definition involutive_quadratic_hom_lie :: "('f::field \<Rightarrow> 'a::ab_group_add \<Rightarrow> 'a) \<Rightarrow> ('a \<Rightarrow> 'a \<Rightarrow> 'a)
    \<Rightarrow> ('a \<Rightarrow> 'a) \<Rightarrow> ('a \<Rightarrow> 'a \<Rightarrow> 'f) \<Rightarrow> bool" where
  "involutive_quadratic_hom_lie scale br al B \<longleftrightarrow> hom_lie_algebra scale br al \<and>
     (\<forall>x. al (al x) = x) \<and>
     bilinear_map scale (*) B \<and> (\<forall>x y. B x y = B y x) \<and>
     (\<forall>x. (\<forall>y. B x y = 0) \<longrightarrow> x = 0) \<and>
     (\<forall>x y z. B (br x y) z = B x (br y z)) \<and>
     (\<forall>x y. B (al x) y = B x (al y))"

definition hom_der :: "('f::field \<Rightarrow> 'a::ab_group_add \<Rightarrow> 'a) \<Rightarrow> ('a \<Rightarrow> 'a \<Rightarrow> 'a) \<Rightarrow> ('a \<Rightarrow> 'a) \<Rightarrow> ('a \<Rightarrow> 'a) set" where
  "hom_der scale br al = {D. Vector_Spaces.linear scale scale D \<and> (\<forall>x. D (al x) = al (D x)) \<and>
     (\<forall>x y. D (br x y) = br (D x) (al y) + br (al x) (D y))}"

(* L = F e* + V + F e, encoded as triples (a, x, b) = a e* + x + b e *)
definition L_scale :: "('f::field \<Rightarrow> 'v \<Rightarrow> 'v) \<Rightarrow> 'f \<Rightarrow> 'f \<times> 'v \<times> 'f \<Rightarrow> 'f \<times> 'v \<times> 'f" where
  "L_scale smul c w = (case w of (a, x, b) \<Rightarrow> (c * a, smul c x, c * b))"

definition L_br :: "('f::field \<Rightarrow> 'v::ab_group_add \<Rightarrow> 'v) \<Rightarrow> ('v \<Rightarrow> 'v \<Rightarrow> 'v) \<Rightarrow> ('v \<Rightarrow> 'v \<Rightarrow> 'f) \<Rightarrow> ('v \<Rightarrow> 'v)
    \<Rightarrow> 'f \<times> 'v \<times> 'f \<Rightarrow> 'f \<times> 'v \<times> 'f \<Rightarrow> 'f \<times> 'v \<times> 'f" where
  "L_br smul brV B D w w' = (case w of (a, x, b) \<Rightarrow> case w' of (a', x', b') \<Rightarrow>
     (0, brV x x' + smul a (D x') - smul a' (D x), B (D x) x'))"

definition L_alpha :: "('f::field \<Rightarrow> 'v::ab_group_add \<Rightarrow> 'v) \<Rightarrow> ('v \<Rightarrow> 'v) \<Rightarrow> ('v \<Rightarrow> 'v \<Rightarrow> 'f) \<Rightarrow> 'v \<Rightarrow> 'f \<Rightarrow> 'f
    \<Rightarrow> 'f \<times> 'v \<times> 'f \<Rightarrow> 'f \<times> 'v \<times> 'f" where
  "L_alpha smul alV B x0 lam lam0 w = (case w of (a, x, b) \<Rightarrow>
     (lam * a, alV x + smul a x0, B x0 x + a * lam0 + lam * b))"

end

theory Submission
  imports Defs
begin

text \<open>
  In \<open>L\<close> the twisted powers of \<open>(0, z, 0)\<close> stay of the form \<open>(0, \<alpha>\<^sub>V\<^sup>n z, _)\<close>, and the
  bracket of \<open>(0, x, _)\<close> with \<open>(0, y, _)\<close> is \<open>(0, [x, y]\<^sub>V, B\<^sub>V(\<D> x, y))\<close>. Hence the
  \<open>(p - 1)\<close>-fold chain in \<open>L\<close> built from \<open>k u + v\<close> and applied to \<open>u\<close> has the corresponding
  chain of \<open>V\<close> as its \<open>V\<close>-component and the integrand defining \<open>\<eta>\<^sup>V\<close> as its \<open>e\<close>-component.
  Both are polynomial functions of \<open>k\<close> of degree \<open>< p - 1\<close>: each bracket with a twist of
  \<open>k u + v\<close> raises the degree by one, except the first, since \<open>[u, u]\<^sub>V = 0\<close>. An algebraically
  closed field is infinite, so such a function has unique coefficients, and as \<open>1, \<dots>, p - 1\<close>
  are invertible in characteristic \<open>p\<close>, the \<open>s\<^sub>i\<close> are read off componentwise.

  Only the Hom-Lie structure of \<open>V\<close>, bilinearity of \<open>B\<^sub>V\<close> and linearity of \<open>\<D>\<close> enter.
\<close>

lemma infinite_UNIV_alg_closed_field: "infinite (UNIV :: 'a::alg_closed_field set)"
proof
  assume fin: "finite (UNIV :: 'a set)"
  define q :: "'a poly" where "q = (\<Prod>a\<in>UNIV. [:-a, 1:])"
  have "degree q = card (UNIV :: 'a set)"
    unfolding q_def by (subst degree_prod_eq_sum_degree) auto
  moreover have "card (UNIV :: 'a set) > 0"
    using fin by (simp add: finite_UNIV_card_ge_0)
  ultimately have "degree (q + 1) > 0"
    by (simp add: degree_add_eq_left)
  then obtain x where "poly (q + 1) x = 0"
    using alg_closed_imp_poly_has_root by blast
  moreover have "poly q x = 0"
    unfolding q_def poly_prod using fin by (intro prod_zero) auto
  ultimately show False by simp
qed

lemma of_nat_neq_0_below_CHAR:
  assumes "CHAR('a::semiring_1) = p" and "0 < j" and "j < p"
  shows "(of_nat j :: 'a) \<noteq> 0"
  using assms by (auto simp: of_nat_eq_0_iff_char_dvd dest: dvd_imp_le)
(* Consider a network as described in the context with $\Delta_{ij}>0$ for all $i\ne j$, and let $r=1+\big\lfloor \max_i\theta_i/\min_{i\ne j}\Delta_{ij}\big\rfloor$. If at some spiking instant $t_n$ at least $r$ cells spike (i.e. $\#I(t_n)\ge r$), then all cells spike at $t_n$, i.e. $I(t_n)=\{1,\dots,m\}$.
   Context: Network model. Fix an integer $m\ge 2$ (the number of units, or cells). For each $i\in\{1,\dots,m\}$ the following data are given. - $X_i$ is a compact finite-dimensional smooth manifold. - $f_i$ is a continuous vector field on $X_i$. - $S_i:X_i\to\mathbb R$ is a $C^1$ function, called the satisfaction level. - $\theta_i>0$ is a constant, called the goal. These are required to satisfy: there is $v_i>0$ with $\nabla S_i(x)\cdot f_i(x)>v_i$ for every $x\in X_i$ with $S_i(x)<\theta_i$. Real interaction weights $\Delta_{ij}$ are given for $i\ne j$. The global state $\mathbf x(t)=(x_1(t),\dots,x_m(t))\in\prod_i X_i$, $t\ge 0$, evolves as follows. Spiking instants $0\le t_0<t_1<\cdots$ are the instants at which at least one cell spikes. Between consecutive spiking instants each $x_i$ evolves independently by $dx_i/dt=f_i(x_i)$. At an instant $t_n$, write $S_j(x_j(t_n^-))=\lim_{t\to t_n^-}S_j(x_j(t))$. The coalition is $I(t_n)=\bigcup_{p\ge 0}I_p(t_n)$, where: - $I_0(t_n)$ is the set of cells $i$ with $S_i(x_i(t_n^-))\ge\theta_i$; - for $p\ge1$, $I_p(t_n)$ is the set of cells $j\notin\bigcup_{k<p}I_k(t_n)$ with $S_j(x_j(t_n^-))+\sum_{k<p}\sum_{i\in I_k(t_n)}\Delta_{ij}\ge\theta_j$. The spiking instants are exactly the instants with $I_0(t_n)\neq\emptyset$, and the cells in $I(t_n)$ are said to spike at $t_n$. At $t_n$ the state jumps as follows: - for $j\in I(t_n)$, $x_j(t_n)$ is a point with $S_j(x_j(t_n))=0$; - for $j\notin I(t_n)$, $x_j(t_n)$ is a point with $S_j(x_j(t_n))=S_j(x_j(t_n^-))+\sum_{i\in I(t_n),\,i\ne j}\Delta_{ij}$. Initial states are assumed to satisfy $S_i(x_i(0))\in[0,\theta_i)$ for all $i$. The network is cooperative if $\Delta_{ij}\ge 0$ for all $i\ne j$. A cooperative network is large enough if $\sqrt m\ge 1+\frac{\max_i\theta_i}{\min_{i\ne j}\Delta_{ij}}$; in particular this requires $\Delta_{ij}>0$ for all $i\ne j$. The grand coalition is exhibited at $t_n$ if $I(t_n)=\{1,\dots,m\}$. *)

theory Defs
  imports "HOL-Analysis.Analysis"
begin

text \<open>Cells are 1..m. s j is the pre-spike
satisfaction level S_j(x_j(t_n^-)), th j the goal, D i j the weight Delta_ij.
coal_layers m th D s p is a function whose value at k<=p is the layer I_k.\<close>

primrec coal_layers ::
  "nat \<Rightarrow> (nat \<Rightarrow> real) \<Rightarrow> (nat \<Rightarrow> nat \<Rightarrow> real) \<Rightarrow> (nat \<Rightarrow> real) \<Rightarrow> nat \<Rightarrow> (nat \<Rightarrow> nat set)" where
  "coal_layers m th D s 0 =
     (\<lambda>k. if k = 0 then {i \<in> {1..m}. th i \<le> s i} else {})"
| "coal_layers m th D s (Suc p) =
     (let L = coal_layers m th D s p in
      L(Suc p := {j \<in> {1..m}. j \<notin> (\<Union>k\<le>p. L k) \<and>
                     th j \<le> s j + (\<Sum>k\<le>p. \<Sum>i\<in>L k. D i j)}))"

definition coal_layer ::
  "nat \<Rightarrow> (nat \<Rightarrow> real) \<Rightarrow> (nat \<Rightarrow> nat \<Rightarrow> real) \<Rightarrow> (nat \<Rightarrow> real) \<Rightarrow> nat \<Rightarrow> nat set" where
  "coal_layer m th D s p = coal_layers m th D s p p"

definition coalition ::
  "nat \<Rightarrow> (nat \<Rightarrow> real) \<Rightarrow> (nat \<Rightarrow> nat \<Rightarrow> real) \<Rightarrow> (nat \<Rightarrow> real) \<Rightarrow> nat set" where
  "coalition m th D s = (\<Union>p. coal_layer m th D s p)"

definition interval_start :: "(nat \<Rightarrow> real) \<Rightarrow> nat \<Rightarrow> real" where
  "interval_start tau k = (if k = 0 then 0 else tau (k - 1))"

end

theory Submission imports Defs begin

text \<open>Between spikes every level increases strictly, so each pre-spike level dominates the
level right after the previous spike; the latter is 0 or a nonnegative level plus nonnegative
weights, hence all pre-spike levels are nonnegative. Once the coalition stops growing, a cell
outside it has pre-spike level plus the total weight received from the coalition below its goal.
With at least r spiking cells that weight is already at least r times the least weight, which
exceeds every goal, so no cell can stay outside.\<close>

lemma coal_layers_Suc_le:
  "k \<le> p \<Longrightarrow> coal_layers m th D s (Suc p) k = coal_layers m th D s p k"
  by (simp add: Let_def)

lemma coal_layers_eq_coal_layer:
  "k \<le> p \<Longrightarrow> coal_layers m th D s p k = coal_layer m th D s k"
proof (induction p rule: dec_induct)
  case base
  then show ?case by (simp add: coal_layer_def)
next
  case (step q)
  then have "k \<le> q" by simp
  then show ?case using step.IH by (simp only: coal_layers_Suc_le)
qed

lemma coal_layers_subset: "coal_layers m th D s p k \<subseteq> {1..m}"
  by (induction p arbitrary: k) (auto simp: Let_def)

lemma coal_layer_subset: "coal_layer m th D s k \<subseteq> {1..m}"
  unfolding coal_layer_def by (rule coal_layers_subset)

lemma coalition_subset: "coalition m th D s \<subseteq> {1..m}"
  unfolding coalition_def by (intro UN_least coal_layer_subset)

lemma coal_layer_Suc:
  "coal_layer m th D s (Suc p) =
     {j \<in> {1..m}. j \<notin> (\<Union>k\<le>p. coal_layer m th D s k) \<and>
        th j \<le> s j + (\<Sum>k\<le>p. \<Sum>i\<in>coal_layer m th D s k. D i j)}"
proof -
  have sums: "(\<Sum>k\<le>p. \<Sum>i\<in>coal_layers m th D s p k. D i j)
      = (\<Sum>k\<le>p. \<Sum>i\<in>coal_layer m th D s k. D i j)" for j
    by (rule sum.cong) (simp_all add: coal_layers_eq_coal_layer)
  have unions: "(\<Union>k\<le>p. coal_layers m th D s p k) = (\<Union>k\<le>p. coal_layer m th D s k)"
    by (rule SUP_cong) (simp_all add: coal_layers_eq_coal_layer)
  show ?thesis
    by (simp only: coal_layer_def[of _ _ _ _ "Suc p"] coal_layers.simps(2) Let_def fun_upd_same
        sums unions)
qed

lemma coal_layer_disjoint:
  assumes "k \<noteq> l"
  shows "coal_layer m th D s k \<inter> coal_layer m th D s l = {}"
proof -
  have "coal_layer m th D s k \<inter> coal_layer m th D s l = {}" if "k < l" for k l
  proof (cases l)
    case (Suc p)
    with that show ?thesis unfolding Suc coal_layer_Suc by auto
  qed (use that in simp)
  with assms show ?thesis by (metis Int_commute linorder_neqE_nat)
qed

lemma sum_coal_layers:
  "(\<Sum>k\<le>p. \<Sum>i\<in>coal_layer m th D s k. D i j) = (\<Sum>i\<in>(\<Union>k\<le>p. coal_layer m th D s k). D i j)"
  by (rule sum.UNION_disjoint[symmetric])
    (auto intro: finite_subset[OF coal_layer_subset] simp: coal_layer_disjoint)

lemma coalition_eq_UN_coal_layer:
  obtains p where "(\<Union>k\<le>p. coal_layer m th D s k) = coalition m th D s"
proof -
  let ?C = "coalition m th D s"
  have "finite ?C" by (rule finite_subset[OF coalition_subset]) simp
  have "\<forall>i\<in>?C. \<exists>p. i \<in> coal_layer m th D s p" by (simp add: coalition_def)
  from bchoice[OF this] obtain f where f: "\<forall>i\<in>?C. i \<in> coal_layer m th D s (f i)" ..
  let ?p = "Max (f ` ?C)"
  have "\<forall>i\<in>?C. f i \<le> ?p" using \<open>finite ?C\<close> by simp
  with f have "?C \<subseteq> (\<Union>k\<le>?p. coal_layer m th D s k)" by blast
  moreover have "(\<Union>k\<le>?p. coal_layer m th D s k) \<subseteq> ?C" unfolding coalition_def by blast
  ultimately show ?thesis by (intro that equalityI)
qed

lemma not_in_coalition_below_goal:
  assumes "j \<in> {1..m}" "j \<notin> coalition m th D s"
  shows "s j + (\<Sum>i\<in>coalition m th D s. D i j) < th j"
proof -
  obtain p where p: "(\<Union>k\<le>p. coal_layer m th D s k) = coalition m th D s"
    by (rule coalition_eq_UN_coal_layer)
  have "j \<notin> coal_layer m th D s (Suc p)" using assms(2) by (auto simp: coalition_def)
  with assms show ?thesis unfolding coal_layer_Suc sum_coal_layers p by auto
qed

○ ○ ○ ○ ○

▸ **Exercise**:
Total up the lines in the listing above that include "moreover". Give the number by itself.

▸ **Solution below**:
3